NVLink is a GPU-exclusive, point-to-point communication link among GPUs inside one DGX-1 box.

NVLink can be regarded as a much faster PCIe bus but only connects with GPUs. PCIe 3.0 communication bandwidth is around 10 GB/s. Compared with PCIe, each NVLink can provide around 20–25 GB/s of communication bandwidth among GPUs.

In addition, for the P100 version, the NVLink among the GPUs within a DGX-1 machine forms a special hyper-cube topology, which is shown in Figure 5.20.

As shown in Figure 5.20, we have two different four-GPU islands. G0G3 forms one island and G4G7 forms another island. The hyper-cube topology has the following attributes:

  • Within one island, the four GPUs are fully connected.
  • Between two islands, only counterpart GPUs are connected (for example, G0G4 and G2G6).
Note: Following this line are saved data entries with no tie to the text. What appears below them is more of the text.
definition des :: "nat list \<Rightarrow> nat" where
  "des s = card {i. i + 1 < length s \<and> s ! i > s ! (i + 1)}"

definition eulerA :: "nat \<Rightarrow> real \<Rightarrow> real" where
  "eulerA n z = (\<Sum>s\<in>perms n. z ^ (des s + 1))"

definition signed_perms :: "nat \<Rightarrow> int list set" where
  "signed_perms k = {p. distinct (map abs p) \<and> set (map abs p) = int ` {1..k}}"

definition desB :: "int list \<Rightarrow> nat" where
  "desB p = (let q = 0 # p in card {i. i + 1 < length q \<and> q ! i > q ! (i + 1)})"

definition eulerB :: "nat \<Rightarrow> real \<Rightarrow> real" where
  "eulerB k z = (\<Sum>p\<in>signed_perms k. z ^ desB p)"

end

(*
  Inserting the letter n+1 into one of the n+1 gaps of a permutation of [n], written with a
  leading 0, keeps the number of descents at a descent and at the end, and raises it by one
  elsewhere. Inserting k+1 or -(k+1) into a signed permutation works alike, except that
  -(k+1) raises the count exactly at the non-descents. With A_n(z) = z P_n(z) this gives
    P_(n+1) = (1 + n z) P_n + (1 - z) z P_n'  and  B_(k+1) = (1 + (2k+1) z) B_k + 2 (1 - z) z B_k',
  solved by the power series P_n = (1-z)^(n+1) sum_m (m+1)^n z^m and
  B_k = (1-z)^(k+1) sum_m (2m+1)^k z^m. By the binomial theorem the coefficient of z^m in
  (1-z)^-(n+2) sum_k C(n,k) B_k B_(n-k) is sum_(i<=m) (2i+1 + 2(m-i)+1)^n = 2^n (m+1)^(n+1),
  the coefficient of z^m in 2^n (1-z)^-(n+2) P_(n+1).
*)

theory Submission
  imports Defs "HOL-Computational_Algebra.Polynomial_FPS"
begin

unbundle fps_syntax

section \<open>Descents of lists\<close>

fun count_descents :: "'a::linorder list \<Rightarrow> nat" where
  "count_descents (a # b # xs) = of_bool (b < a) + count_descents (b # xs)"
| "count_descents _ = 0"

lemma card_descents:
  "card {i. i + 1 < length xs \<and> xs ! i > xs ! (i + 1)} = count_descents xs"
proof (induction xs rule: count_descents.induct)
  case (1 a b xs)
  let ?D = "\<lambda>ys. {i. i + 1 < length ys \<and> ys ! i > ys ! (i + 1)}"
  have "?D (a # b # xs) = (if b < a then {0} else {}) \<union> Suc ` ?D (b # xs)"
  proof (rule set_eqI)
    show "i \<in> ?D (a # b # xs) \<longleftrightarrow> i \<in> (if b < a then {0} else {}) \<union> Suc ` ?D (b # xs)" for i
      by (cases i) auto
  qed
  moreover have "finite (?D (b # xs))"
    by (rule finite_subset[of _ "{..<length (b # xs)}"]) auto
  ultimately show ?case
    using "1.IH" by (simp add: card_image card_insert_if)
qed simp_all

lemma card_descent_positions:
  "card {i\<in>{..<length q}. Suc i < length q \<and> q ! Suc i < q ! i} = count_descents q"
  by (subst card_descents[symmetric]) (auto intro: arg_cong[where f = card])

lemma count_descents_le: "count_descents xs \<le> length xs - 1"
  by (induction xs rule: count_descents.induct) auto

lemma count_descents_Cons:
  "count_descents (a # xs) = of_bool (xs \<noteq> [] \<and> hd xs < a) + count_descents xs"
  by (cases xs) auto

lemma count_descents_append:
  "count_descents (xs @ ys) =
     count_descents xs + of_bool (xs \<noteq> [] \<and> ys \<noteq> [] \<and> hd ys < last xs) + count_descents ys"
  by (induction xs) (auto simp: count_descents_Cons)

lemma des_eq_count_descents: "des s = count_descents (0 # s)"
  unfolding des_def card_descents by (simp add: count_descents_Cons)

lemma desB_eq_count_descents: "desB p = count_descents (0 # p)"
  unfolding desB_def Let_def card_descents ..

section \<open>Inserting a letter\<close>

definition insert_at :: "nat \<Rightarrow> 'a \<Rightarrow> 'a list \<Rightarrow> 'a list" where
  "insert_at j y xs = take j xs @ y # drop j xs"

lemma Cons_insert_at: "a # insert_at j y xs = insert_at (Suc j) y (a # xs)"
  by (simp add: insert_at_def)

lemma map_insert_at: "map f (insert_at j y xs) = insert_at j (f y) (map f xs)"
  by (simp add: insert_at_def take_map drop_map)

lemma mset_insert_at: "mset (insert_at j y xs) = add_mset y (mset xs)"
  by (metis append_take_drop_id insert_at_def mset.simps(2) mset_append union_mset_add_mset_right)

lemma distinct_insert_at: "distinct (insert_at j y xs) \<longleftrightarrow> distinct (y # xs)"
  by (rule mset_eq_imp_distinct_iff) (simp add: mset_insert_at)

lemma set_insert_at: "set (insert_at j y xs) = insert y (set xs)"
  by (metis mset_insert_at set_mset_add_mset_insert set_mset_mset)

lemma count_descents_insert_at:
  assumes "i < length q"
  shows "count_descents (insert_at (Suc i) y q) + of_bool (Suc i < length q \<and> q ! Suc i < q ! i) =
           count_descents q + of_bool (y < q ! i) + of_bool (Suc i < length q \<and> q ! Suc i < y)"
proof -
  let ?T = "take (Suc i) q" and ?D = "drop (Suc i) q"
  have T: "?T \<noteq> []" "last ?T = q ! i"
    using assms by (auto simp: take_Suc_conv_app_nth)
  have D: "?D \<noteq> [] \<longleftrightarrow> Suc i < length q" "?D \<noteq> [] \<Longrightarrow> hd ?D = q ! Suc i"
    by (auto simp: hd_drop_conv_nth)
  have "count_descents (insert_at (Suc i) y q) = count_descents ?T + of_bool (y < q ! i)
      + of_bool (Suc i < length q \<and> q ! Suc i < y) + count_descents ?D"
    using T D by (simp add: insert_at_def count_descents_append count_descents_Cons)
  moreover have "count_descents q = count_descents ?T
      + of_bool (Suc i < length q \<and> q ! Suc i < q ! i) + count_descents ?D"
    using count_descents_append[of ?T ?D] T D by simp
  ultimately show ?thesis
    by simp
qed

lemma count_descents_insert_at_greatest:
  assumes "i < length q" and "\<forall>v\<in>set q. v < y"
  shows "count_descents (insert_at (Suc i) y q) =
           count_descents q + of_bool (Suc i < length q \<and> \<not> q ! Suc i < q ! i)"
proof -
  have "q ! i < y" "Suc i < length q \<Longrightarrow> q ! Suc i < y"
    using assms by auto
  then show ?thesis
    using count_descents_insert_at[OF assms(1), of y] by (cases "Suc i < length q") auto
qed

lemma count_descents_insert_at_least:
  assumes "i < length q" and "\<forall>v\<in>set q. y < v"
  shows "count_descents (insert_at (Suc i) y q) =
           count_descents q + of_bool (\<not> (Suc i < length q \<and> q ! Suc i < q ! i))"
proof -
  have "y < q ! i" "Suc i < length q \<Longrightarrow> y < q ! Suc i"
    using assms by auto
  then show ?thesis
    using count_descents_insert_at[OF assms(1), of y] by (cases "Suc i < length q") auto
qed

lemma sum_power_add_of_bool:
  fixes x :: "'a::comm_semiring_1"
  assumes "finite A"
  shows "(\<Sum>i\<in>A. x ^ (d + of_bool (P i))) =
           of_nat (card {i\<in>A. \<not> P i}) * x ^ d + of_nat (card {i\<in>A. P i}) * x ^ Suc d"
proof -
  have "(\<Sum>i\<in>A. x ^ (d + of_bool (P i))) = (\<Sum>i\<in>A. if P i then x ^ Suc d else x ^ d)"
    by (rule sum.cong) auto
  also have "\<dots> = of_nat (card {i\<in>A. P i}) * x ^ Suc d + of_nat (card {i\<in>A. \<not> P i}) * x ^ d"
    using assms by (simp add: sum.If_cases Int_def Collect_conj_eq[symmetric] Compl_eq conj_commute)
  finally show ?thesis
    by (simp add: add.commute)
qed

lemma fps_XD_fps_X_power: "fps_XD (fps_X ^ d) = of_nat d * (fps_X ^ d :: 'a::comm_ring_1 fps)"
  by (simp add: fps_XD_def fps_mult_fps_X_deriv_shift fps_eq_iff)

lemma sum_insert_at_greatest:
  fixes xs :: "'a::linorder list"
  assumes "\<forall>v\<in>set (a # xs). v < y"
  shows "(\<Sum>j\<le>length xs. (fps_X :: 'b::comm_ring_1 fps) ^ count_descents (a # insert_at j y xs)) =
           (1 + of_nat (length xs) * fps_X) * fps_X ^ count_descents (a # xs)
           + (1 - fps_X) * fps_XD (fps_X ^ count_descents (a # xs))"
proof -
  define q where "q = a # xs"
  define L d where "L = length q - 1" and "d = count_descents q"
  define Des where "Des = {i\<in>{..<length q}. Suc i < length q \<and> q ! Suc i < q ! i}"
  have Des: "card Des = d" "Des \<subseteq> {..<L}"
    using card_descent_positions[of q] by (auto simp: Des_def L_def d_def)
  have "card {i\<in>{..<length q}. \<not> (Suc i < length q \<and> \<not> q ! Suc i < q ! i)} = d + 1"
  proof -
    have "{i\<in>{..<length q}. \<not> (Suc i < length q \<and> \<not> q ! Suc i < q ! i)} = insert L Des"
      by (auto simp: Des_def L_def q_def)
    moreover have "finite Des" "L \<notin> Des"
      using Des(2) finite_subset by auto
    ultimately show ?thesis
      using Des(1) by simp
  qed
  moreover have "card {i\<in>{..<length q}. Suc i < length q \<and> \<not> q ! Suc i < q ! i} = L - d"
  proof -
    have "{i\<in>{..<length q}. Suc i < length q \<and> \<not> q ! Suc i < q ! i} = {..<L} - Des"
      by (auto simp: Des_def L_def)
    then show ?thesis
      using Des by (simp add: card_Diff_subset finite_subset)
  qed
  moreover have "\<forall>v\<in>set q. v < y"
    using assms by (simp add: q_def)
  ultimately have "(\<Sum>i<length q. (fps_X :: 'b fps) ^ count_descents (insert_at (Suc i) y q)) =
      of_nat (d + 1) * fps_X ^ d + of_nat (L - d) * fps_X ^ Suc d"
    by (simp add: count_descents_insert_at_greatest sum_power_add_of_bool d_def)
  also have "\<dots> = (1 + of_nat L * fps_X) * fps_X ^ d + (1 - fps_X) * fps_XD (fps_X ^ d)"
    using count_descents_le[of q] unfolding L_def[symmetric] d_def[symmetric]
    by (simp add: fps_XD_fps_X_power algebra_simps)
  finally show ?thesis
    by (simp add: L_def d_def q_def Cons_insert_at lessThan_Suc_atMost)
qed
text \<open>The used roots lie on the partial arborescence and are replaced by the single root rT C.\<close>

lemma card_roots_sub:
  assumes "C \<in> Cs"
  shows "card (roots (sub C)) + card used_roots \<le> card (roots I) + 1"
proof -
  have used_Vt: "used_roots \<subseteq> Vt"
    unfolding Vt_def T_verts_def by auto
  have fin: "finite (roots I' \<inter> C)" "finite used_roots"
    using finite_roots restricted_subset(3) by (auto intro: finite_subset)
  have "card (roots (sub C)) \<le> card (roots I' \<inter> C) + 1"
    using fin(1) by (simp add: card_insert_if)
  moreover have "card (roots I' \<inter> C) + card used_roots = card ((roots I' \<inter> C) \<union> used_roots)"
    using fin Cs_disjoint_Vt[OF assms] used_Vt by (intro card_Un_disjoint[symmetric]) auto
  moreover have "\<dots> \<le> card (roots I)"
    using finite_roots restricted_subset(3) by (intro card_mono) auto
  ultimately show ?thesis
    by linarith
qed

lemma card_used_roots_le: "card used_roots \<le> card (roots I)"
  using finite_roots restricted_subset(3) by (intro card_mono) auto

lemma Te_subset: "Te \<subseteq> iE I'"
proof -
  have "T_edges P r \<subseteq> iE I'" if "r \<in> roots I'" for r
    using T_edges_subset[OF sep that] sp_arborescencesD(1)[OF arbs that] by (rule order_trans)
  then show ?thesis
    unfolding Te_def by blast
qed

lemma setcost_Te: "real (setcost I Te) \<le> 4 * x * real (card used_roots)"
proof -
  have "\<forall>v\<in>iV I'. dist I' (roots I') v \<le> ereal x"
    unfolding I'_def using dist_restrict_dist_le[OF wf] by blast
  then show ?thesis
    using setcost_T_edges_le[OF wf_restricted arbs sep _ x_nonneg]
    unfolding Te_def setcost_def by simp
qed

lemma Vt_reachable:
  assumes "u \<in> Vt"
  obtains r p where "r \<in> roots I" "walk (tail I) (head I) Te r p u"
proof -
  obtain r where r: "r \<in> roots I'" "u \<in> T_verts I' P r"
    using assms unfolding Vt_def by blast
  then obtain p where p: "walk (tail I) (head I) (T_edges P r) r p u"
    using T_verts_reachable[OF sep] by fastforce
  have "set p \<subseteq> Te"
    using walk_edges_subset[OF p] r(1) unfolding Te_def by blast
  then have "walk (tail I) (head I) Te r p u"
    by (rule walk_mono[OF p])
  then show thesis
    using that r(1) restricted_subset(3) by blast
qed

lemma feasible_combine:
  assumes terms_close: "\<forall>t\<in>terms I. dist I (roots I) t \<le> ereal x"
    and sub_feasible: "\<And>C. C \<in> Cs \<Longrightarrow> feasible (sub C) (G C)"
  shows "feasible I (Te \<union> (\<Union>C\<in>Cs. G C))"
proof -
  let ?G = "Te \<union> (\<Union>C\<in>Cs. G C)"
  have G_edges: "G C \<subseteq> iE I'" if "C \<in> Cs" for C
    using sub_feasible[OF that] unfolding feasible_def by auto
  have from_Vt: "\<exists>r\<in>roots I. \<exists>p. walk (tail I) (head I) ?G r p t"
    if u: "u \<in> Vt" and q: "walk (tail I) (head I) ?G u q t" for u q t
  proof -
    obtain r p where r: "r \<in> roots I" and p: "walk (tail I) (head I) Te r p u"
      using Vt_reachable[OF u] .
    have "walk (tail I) (head I) ?G r p u"
      using walk_mono[OF p] walk_edges_subset[OF p] by blast
    then have "walk (tail I) (head I) ?G r (p @ q) t"
      using q by auto
    then show ?thesis
      using r by blast
  qed
  have "\<exists>r\<in>roots I. \<exists>p. walk (tail I) (head I) ?G r p t" if t: "t \<in> terms I" for t
  proof (cases "t \<in> Vt")
    case True
    then show ?thesis
      using from_Vt[of t "[]" t] by simp
  next
    case False
    have tI': "t \<in> terms I'" "t \<in> iV I'"
      using t terms_close wf_instD(9)[OF wf] unfolding I'_def by auto
    then obtain C where C: "C \<in> comps I' (iV I' - Vt)" "t \<in> C"
      using comps_cover[of t "iV I' - Vt" I'] False by blast
    then have CCs: "C \<in> Cs"
      using tI' unfolding Cs_def by blast
    have "t \<in> terms (sub C)"
      using C(2) tI'(1) by simp
    then obtain \<rho> q where \<rho>: "\<rho> \<in> roots (sub C)"
      and q: "walk (tail (sub C)) (head (sub C)) (G C) \<rho> q t"
      using sub_feasible[OF CCs] unfolding feasible_def by blast
    have "\<forall>e\<in>G C. tail I' e \<in> C \<union> Vt \<and> head I' e \<in> C \<union> Vt"
      using sub_feasible[OF CCs] unfolding feasible_def by auto
    then have "(\<exists>u\<in>Vt. \<exists>q'. walk (tail I') (head I') (G C) u q' t)
        \<or> (\<rho> \<in> C \<and> walk (tail I') (head I') (G C) \<rho> q t)"
      using walk_uncontract_sub[OF q C(2) _ Cs_disjoint_Vt[OF CCs]] rT_fresh CCs by blast
    moreover have "G C \<subseteq> ?G"
      using CCs by blast
    ultimately consider u q' where "u \<in> Vt" "walk (tail I) (head I) ?G u q' t"
      | "\<rho> \<in> C" "walk (tail I) (head I) ?G \<rho> q t"
      using walk_edges_subset walk_mono by (metis restricted_simps(1,2) order_trans)
    then show ?thesis
    proof cases
      case 1
      then show ?thesis
        by (rule from_Vt)
    next
      case 2
      then have "\<rho> \<in> roots I"
        using \<rho> rT_fresh CCs restricted_subset(3) by auto
      then show ?thesis
        using 2 by blast
    qed
  qed
  moreover have "?G \<subseteq> iE I"
    using Te_subset G_edges restricted_subset(2) by blast
  ultimately show ?thesis
    unfolding feasible_def by blast
qed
The following figure shows the hyper-cube topology:

Figure 5.20 – Hyper-cube NVLink topology inside a DGX-1 machine

Figure 5.20 – Hyper-cube NVLink topology inside a DGX-1 machine

For DGX-1 with eight V100 GPUs, the NVLink topology looks similar to the preceding figure. More specifically, besides the hyper-cube topology in Figure 5.20, DGX-1 (with V100) adds an additional NVLink ring that connects G0, G3, G2, G6, G7, G4, G5, and G1.

A100 and DGX-2

Currently, the best GPU from NVIDIA is called A100. The following are some of the main specifications of A100:

  • 10 teraflops of double-precision computation power
  • 40 GB on-device memory
  • 1,500 GB/s memory bandwidth
  • NVSwitch-optimized

The DGX-2 machine packs 16 A100 GPUs inside a single box. These 16 A100s are connected by NVSwitch.

NVSwitch

NVSwitch is the new generation of cross-GPU communication channels. It can be regarded as a switch in computer networks that enables point-to-point communication bandwidth of 150 GB/s unidirectionally and 300 GB/s bidirectionally among GPUs.

Summary

In this chapter, we mainly discussed NLP models and state-of-the-art hardware accelerators. After reading this chapter, you now understand why NLP models are usually not suitable to be trained on a single GPU. You also now know basic concepts such as the structure of an RNN model, a stacked RNN model, ELMo, BERT, and GPT.

Regarding hardware, you now know about several state-of-the-art GPUs from NVIDIA and the high-bandwidth links in between.

In the next chapter, we will cover the details of model parallelism and some techniques to improve system efficiency.